Okay, this is complicated, and certainly not airtight, but I just wanted to point out a potential weak point here. Evolution will continue to be a big part of thinkness, and I think I'll read all of Ridley's books. Hope this is of at least some interest to folks.
posted by soma |
Friday, December 12, 2003
The Muslim Martin Luther
The Globe Ideas section suggests it may have found a leader of a Muslim reformation: Tariq Ramadan, a moderate Muslim leader in France. My brother's been talking for a while about how what Islam needs is a reformation, and I think it's true. Yes, Islam may have split along Sunni/Shi'a lines, but did that actually reform the religion away from its excesses, liberalize it, and make it more flexible? Not all that much, it seems.
But perhaps Ramadan, or people like him, can accomplish that. These must be religious people -- excluding folks like the recently departed Edward Said -- because they need to be able to influence those who draw a lot of their guidance from Islam. This story is the first mention I've heard of a candidate.
The story depicts some controversy about Ramadan, mentioning the claims that he is anti-Jewish. From reading the story, I can't really see all that much of it. Granted, it's a pretty touchy time to be speaking critically about Muslim/Jewish issues in Europe, but I think his comments were not offensive, and it sounds like he's doing a lot of good in enlightening a path for Muslims to remain devout while being politically moderate and socially modern.
posted by soma |
Friday, December 12, 2003
Wednesday, December 10, 2003
Literally not literally
Okay, I've been gone for long. But I'm back. I was sick and travelling. It seems that blogging, for me, is kind of like exercising: easy to do when you're doing it, tough when you lost the momentum.
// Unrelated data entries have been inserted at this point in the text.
lemma hom_on_extend_insert_value:
  assumes C: "0 \<notin> C" and a: "a \<noteq> 0" and \<phi>: "hom_on (gen_group C) \<phi>"
    and v: "\<forall>d::int. a powi d \<in> gen_group C \<longrightarrow> \<phi> (a powi d) = of_int d * v"
  shows "\<exists>\<phi>'. hom_on (gen_group (insert a C)) \<phi>' \<and> (\<forall>y\<in>gen_group C. \<phi>' y = \<phi> y) \<and> \<phi>' a = v"
proof -
  let ?M = "gen_group C"
  define \<phi>' where "\<phi>' y = (SOME r. \<exists>m\<in>?M. \<exists>j::int. y = m * a powi j \<and> r = \<phi> m + of_int j * v)" for y
  have \<phi>'_eq: "\<phi>' (m * a powi j) = \<phi> m + of_int j * v" if "m \<in> ?M" for m j
  proof -
    have "\<exists>r. \<exists>m'\<in>?M. \<exists>j'::int. m * a powi j = m' * a powi j' \<and> r = \<phi> m' + of_int j' * v"
      using that by blast
    from someI_ex[OF this] obtain m' j' where "m' \<in> ?M" "m * a powi j = m' * a powi j'"
      "\<phi>' (m * a powi j) = \<phi> m' + of_int j' * v"
      unfolding \<phi>'_def by blast
    then show ?thesis using compatible_value_well_defined[OF C a \<phi> v that] by metis
  qed
  have "hom_on (gen_group (insert a C)) \<phi>'"
    unfolding hom_on_def
  proof (intro ballI)
    fix x y assume "x \<in> gen_group (insert a C)" "y \<in> gen_group (insert a C)"
    then obtain m j m' j' where mm: "m \<in> ?M" "m' \<in> ?M" "x = m * a powi j" "y = m' * a powi j'"
      using gen_group_insert_cases[OF a] by metis
    have "x * y = (m * m') * a powi (j + j')" using mm a by (simp add: power_int_add)
    moreover have "m * m' \<in> ?M" using mm by (auto intro: gen_group.intros)
    ultimately have "\<phi>' (x * y) = \<phi> (m * m') + of_int (j + j') * v" using \<phi>'_eq by simp
    also have "\<dots> = \<phi>' x + \<phi>' y" using \<phi>'_eq mm \<phi> unfolding hom_on_def by (simp add: algebra_simps)
    finally show "\<phi>' (x * y) = \<phi>' x + \<phi>' y" .
  qed
  moreover have "\<forall>y\<in>?M. \<phi>' y = \<phi> y" using \<phi>'_eq[of _ 0] by simp
  moreover have "\<phi>' a = v" using \<phi>'_eq[of 1 1] hom_on_one[OF \<phi>] by (simp add: gen_group.one)
  ultimately show ?thesis by blast
qed

text \<open>The compatible value is \<open>\<phi> (a ^ k) / k\<close> for any \<open>k > 0\<close> with \<open>a ^ k \<in> gen_group C\<close>; this is
  where divisibility of \<open>\<real>\<close> enters.\<close>

lemma hom_on_compatible_value:
  assumes C: "0 \<notin> C" and \<phi>: "hom_on (gen_group C) \<phi>"
  shows "\<exists>v. \<forall>d::int. a powi d \<in> gen_group C \<longrightarrow> \<phi> (a powi d) = of_int d * v"
proof (cases "\<exists>k>0. a ^ k \<in> gen_group C")
  case True
  then obtain k where k: "k > 0" "a ^ k \<in> gen_group C" by blast
  show ?thesis
  proof (intro exI[of _ "\<phi> (a ^ k) / real k"] allI impI)
    fix d :: int assume d: "a powi d \<in> gen_group C"
    have "(a powi d) ^ k = (a ^ k) powi d" by (simp add: power_int_power power_int_power' mult.commute)
    then have "real k * \<phi> (a powi d) = of_int d * \<phi> (a ^ k)"
      using hom_on_power[OF \<phi> d, of k] hom_on_power_int[OF C \<phi> k(2), of d] by simp
    then show "\<phi> (a powi d) = of_int d * (\<phi> (a ^ k) / real k)" using k(1) by (simp add: field_simps)
  qed
next
  case False
  then have "\<forall>d. a powi d \<in> gen_group C \<longrightarrow> d = 0"
    using power_int_mem_gen_group_imp_zero by blast
  then show ?thesis using hom_on_one[OF \<phi>] by (intro exI[of _ 0] allI impI) auto
qed

lemma hom_on_extend_finite:
  assumes "finite F" "0 \<notin> F \<union> C" "hom_on (gen_group C) \<phi>"
  shows "\<exists>\<phi>'. hom_on (gen_group (F \<union> C)) \<phi>' \<and> (\<forall>y\<in>gen_group C. \<phi>' y = \<phi> y)"
  using assms
proof (induction F rule: finite_induct)
  case empty
  then show ?case by auto
next
  case (insert a F)
  then obtain \<psi> where \<psi>: "hom_on (gen_group (F \<union> C)) \<psi>" "\<forall>y\<in>gen_group C. \<psi> y = \<phi> y"
    by auto
  have FC: "0 \<notin> F \<union> C" and a: "a \<noteq> 0" using insert.prems(1) by auto
  obtain v where "\<forall>d::int. a powi d \<in> gen_group (F \<union> C) \<longrightarrow> \<psi> (a powi d) = of_int d * v"
    using hom_on_compatible_value[OF FC \<psi>(1)] by blast
  from hom_on_extend_insert_value[OF FC a \<psi>(1) this] obtain \<psi>' where
    \<psi>': "hom_on (gen_group (insert a (F \<union> C))) \<psi>'" "\<forall>y\<in>gen_group (F \<union> C). \<psi>' y = \<psi> y"
    by blast
  have "\<forall>y\<in>gen_group C. \<psi>' y = \<phi> y" using \<psi>'(2) \<psi>(2) gen_group_mono[of C "F \<union> C"] by auto
  then show ?case using \<psi>'(1) by auto
qed

lemma exists_hom_on_vanishing:
  assumes A: "finite A" "0 \<notin> A" and B: "B \<subseteq> gen_group A" and x: "x \<in> gen_group A"
    and no_power: "\<forall>k>0. x ^ k \<notin> gen_group B"
  shows "\<exists>h. hom_on (gen_group A) h \<and> (\<forall>b\<in>B. h b = 0) \<and> h x = 1"
proof -
  have B0: "0 \<notin> B" and x0: "x \<noteq> 0" using B x gen_group_nonzero[OF A(2)] by auto
  have "\<forall>d::int. x powi d \<in> gen_group B \<longrightarrow> (\<lambda>_. 0::real) (x powi d) = of_int d * 1"
    using power_int_mem_gen_group_imp_zero[OF no_power] by simp
  from hom_on_extend_insert_value[OF B0 x0 _ this] obtain h0 where
    h0: "hom_on (gen_group (insert x B)) h0" "\<forall>y\<in>gen_group B. h0 y = 0" "h0 x = 1"
    unfolding hom_on_def by auto
  obtain h where h: "hom_on (gen_group (A \<union> insert x B)) h" "\<forall>y\<in>gen_group (insert x B). h y = h0 y"
    using hom_on_extend_finite[OF A(1) _ h0(1)] A(2) B0 x0 by auto
  have "hom_on (gen_group A) h"
    using hom_on_subset[OF h(1)] gen_group_mono[of A "A \<union> insert x B"] by blast
  moreover have "\<forall>b\<in>B. h b = 0" and "h x = 1"
    using h(2) h0(2,3) gen_group.gen[of _ B] gen_group.gen[of _ "insert x B"] by auto
  ultimately show ?thesis by blast
qed

definition separates_points :: "(complex \<Rightarrow> real) list \<Rightarrow> complex set \<Rightarrow> bool" where
  "separates_points hs X \<longleftrightarrow> (\<forall>x\<in>X. \<forall>y\<in>X. x \<noteq> y \<longrightarrow> (\<exists>h\<in>set hs. h x \<noteq> h y))"

lemma separates_points_subset: "separates_points hs X \<Longrightarrow> Y \<subseteq> X \<Longrightarrow> separates_points hs Y"
  unfolding separates_points_def by blast

lemma torsion_free_hom_on_separates:
  assumes A: "finite A" "0 \<notin> A" and tf: "torsion_free (gen_group A)"
    and xy: "x \<in> gen_group A" "y \<in> gen_group A" "x \<noteq> y"
  shows "\<exists>h. hom_on (gen_group A) h \<and> h x \<noteq> h y"
proof -
  have y0: "y \<noteq> 0" using xy(2) gen_group_nonzero[OF A(2)] by blast
  define q where "q = x * inverse y"
  have q: "q \<in> gen_group A" using xy(1,2) unfolding q_def by (auto intro: gen_group.intros)
  have "q \<noteq> 1" using xy(3) y0 unfolding q_def by (auto simp: field_simps)
  then have "\<forall>k>0. q ^ k \<notin> gen_group {}"
    using tf q gen_group_empty unfolding torsion_free_def by blast
  from exists_hom_on_vanishing[OF A _ q this] obtain h where h: "hom_on (gen_group A) h" "h q = 1"
    by auto
  have "x = q * y" unfolding q_def using y0 by simp
  then have "h x = h q + h y" using h(1) q xy(2) unfolding hom_on_def by metis
  then show ?thesis using h by auto
qed

lemma torsion_free_separating_homs:
  assumes A: "finite A" "0 \<notin> A" "torsion_free (gen_group A)"
    and X: "finite X" "X \<subseteq> gen_group A"
  shows "\<exists>hs. (\<forall>h\<in>set hs. hom_on (gen_group A) h) \<and> separates_points hs X"
proof -
  define P where "P = {p \<in> X \<times> X. fst p \<noteq> snd p}"
  have "finite P" using X(1) unfolding P_def by simp
  have "\<forall>p\<in>P. \<exists>h. hom_on (gen_group A) h \<and> h (fst p) \<noteq> h (snd p)"
    using torsion_free_hom_on_separates[OF A] X(2) unfolding P_def by auto
  then obtain \<psi> where \<psi>: "\<forall>p\<in>P. hom_on (gen_group A) (\<psi> p) \<and> \<psi> p (fst p) \<noteq> \<psi> p (snd p)"
    by metis
  obtain ps where "set ps = P" using finite_list[OF \<open>finite P\<close>] by blast
  then have "(\<forall>h\<in>set (map \<psi> ps). hom_on (gen_group A) h) \<and> separates_points (map \<psi> ps) X"
    using \<psi> unfolding separates_points_def P_def by force
  then show ?thesis by blast
qed

lemma power_sum_zero_imp_coeffs_zero:
  fixes u :: "complex \<Rightarrow> complex"
  assumes "finite Z" "\<forall>n. (\<Sum>z\<in>Z. u z * z ^ n) = 0"
  shows "\<forall>z\<in>Z. u z = 0"
  using assms
proof (induction Z arbitrary: u rule: finite_induct)
  case empty
  then show ?case by simp
next
  case (insert z0 Z)
  have "\<forall>n. (\<Sum>z\<in>Z. (u z * (z - z0)) * z ^ n) = 0"
  proof
    fix n
    have "(\<Sum>z\<in>Z. (u z * (z - z0)) * z ^ n) = (\<Sum>z\<in>insert z0 Z. (u z * (z - z0)) * z ^ n)"
      using insert(1,2) by simp
    also have "\<dots> = (\<Sum>z\<in>insert z0 Z. u z * z ^ Suc n - z0 * (u z * z ^ n))"
      by (rule sum.cong) (auto simp: algebra_simps)
    also have "\<dots> = (\<Sum>z\<in>insert z0 Z. u z * z ^ Suc n) - z0 * (\<Sum>z\<in>insert z0 Z. u z * z ^ n)"
      by (simp only: sum_subtractf sum_distrib_left)
    also have "\<dots> = 0" using insert(4)[rule_format, of "Suc n"] insert(4)[rule_format, of n] by (simp only:) simp
    finally show "(\<Sum>z\<in>Z. (u z * (z - z0)) * z ^ n) = 0" .
  qed
  from insert(3)[OF this] have "\<forall>z\<in>Z. u z = 0" using insert(2) by auto
  moreover have "u z0 = 0" using insert(4)[rule_format, of 0] insert(1,2) \<open>\<forall>z\<in>Z. u z = 0\<close> by simp
  ultimately show ?case by simp
qed

lemma unique_product_is_root:
  assumes f1: "power_sum_repr f1 S1 c1" and g: "power_sum_repr g T d"
    and f2: "power_sum_repr f2 S2 c2" and prod: "\<forall>n. f2 n = f1 n * g n"
    and ab: "a \<in> S1" "b \<in> T" and unique: "\<forall>a'\<in>S1. \<forall>b'\<in>T. a' * b' = a * b \<longrightarrow> a' = a \<and> b' = b"
  shows "a * b \<in> S2"
proof -
  let ?P = "S1 \<times> T"
  let ?pr = "\<lambda>p::complex \<times> complex. fst p * snd p"
  let ?w = "\<lambda>p::complex \<times> complex. c1 (fst p) * d (snd p)"
  define U where "U z = (\<Sum>p\<in>{p\<in>?P. ?pr p = z}. ?w p)" for z
  define V where "V z = (if z \<in> S2 then c2 z else 0)" for z
  define Z where "Z = ?pr ` ?P \<union> S2"
  have finP: "finite ?P" and finZ: "finite Z"
    using f1 g f2 unfolding power_sum_repr_def Z_def by auto
  have "\<forall>n. (\<Sum>z\<in>Z. (V z - U z) * z ^ n) = 0"
  proof
    fix n
    have "f1 n * g n = (\<Sum>p\<in>?P. ?w p * ?pr p ^ n)"
      using f1 g unfolding power_sum_repr_def
      by (simp add: sum_product sum.cartesian_product power_mult_distrib algebra_simps case_prod_beta)
    also have "\<dots> = (\<Sum>z\<in>?pr ` ?P. (\<Sum>p\<in>{p\<in>?P. ?pr p = z}. ?w p * ?pr p ^ n))"
      by (rule sum.image_gen[OF finP])
    also have "\<dots> = (\<Sum>z\<in>?pr ` ?P. U z * z ^ n)"
      unfolding U_def sum_distrib_right by (intro sum.cong refl) auto
    also have "\<dots> = (\<Sum>z\<in>Z. U z * z ^ n)"
    proof (rule sum.mono_neutral_left[OF finZ])
      show "?pr ` ?P \<subseteq> Z" unfolding Z_def by blast
      show "\<forall>z\<in>Z - ?pr ` ?P. U z * z ^ n = 0"
      proof
        fix z assume "z \<in> Z - ?pr ` ?P"
        then have "{p\<in>?P. ?pr p = z} = {}" by force
        then show "U z * z ^ n = 0" unfolding U_def by (metis sum.empty mult_zero_left)
      qed
    qed
    finally have U: "f1 n * g n = (\<Sum>z\<in>Z. U z * z ^ n)" .
    have "f2 n = (\<Sum>z\<in>S2. V z * z ^ n)" using f2 unfolding power_sum_repr_def V_def by simp
    also have "\<dots> = (\<Sum>z\<in>Z. V z * z ^ n)"
      by (rule sum.mono_neutral_left[OF finZ]) (auto simp: Z_def V_def)
    finally have "f2 n = (\<Sum>z\<in>Z. V z * z ^ n)" .
    then show "(\<Sum>z\<in>Z. (V z - U z) * z ^ n) = 0"
      using prod U by (simp add: algebra_simps sum_subtractf)
  qed
  from power_sum_zero_imp_coeffs_zero[OF finZ this] have VU: "\<forall>z\<in>Z. V z = U z" by simp
  have "{p\<in>?P. ?pr p = a * b} = {(a, b)}" using unique ab by auto
  then have "U (a * b) \<noteq> 0" using f1 g ab unfolding U_def power_sum_repr_def by simp
  moreover have "a * b \<in> Z" unfolding Z_def using ab by force
  ultimately have "V (a * b) \<noteq> 0" using VU by simp
  then show ?thesis unfolding V_def by presburger
qed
My brother notices that I'm a big hypocrite. [Took him long enough.] He notices that in a recent post I said that America had crossed the Rubicon in its transition to empire, 'in about the most literal way possible.' When I said that, I meant that it was similar to the original meaning of 'crossing the Rubicon' in that that event signified the end of the Roman republic. But of course it could be more literal: if the nation actually crossed a river called the Rubicon. I think my use of the work 'about' may provide a little exculpatory qualification, but maybe just a shred.
And he points out that since I posted last month about people's abuse of the word 'literally', you might think that I would be more careful. You might also be wrong.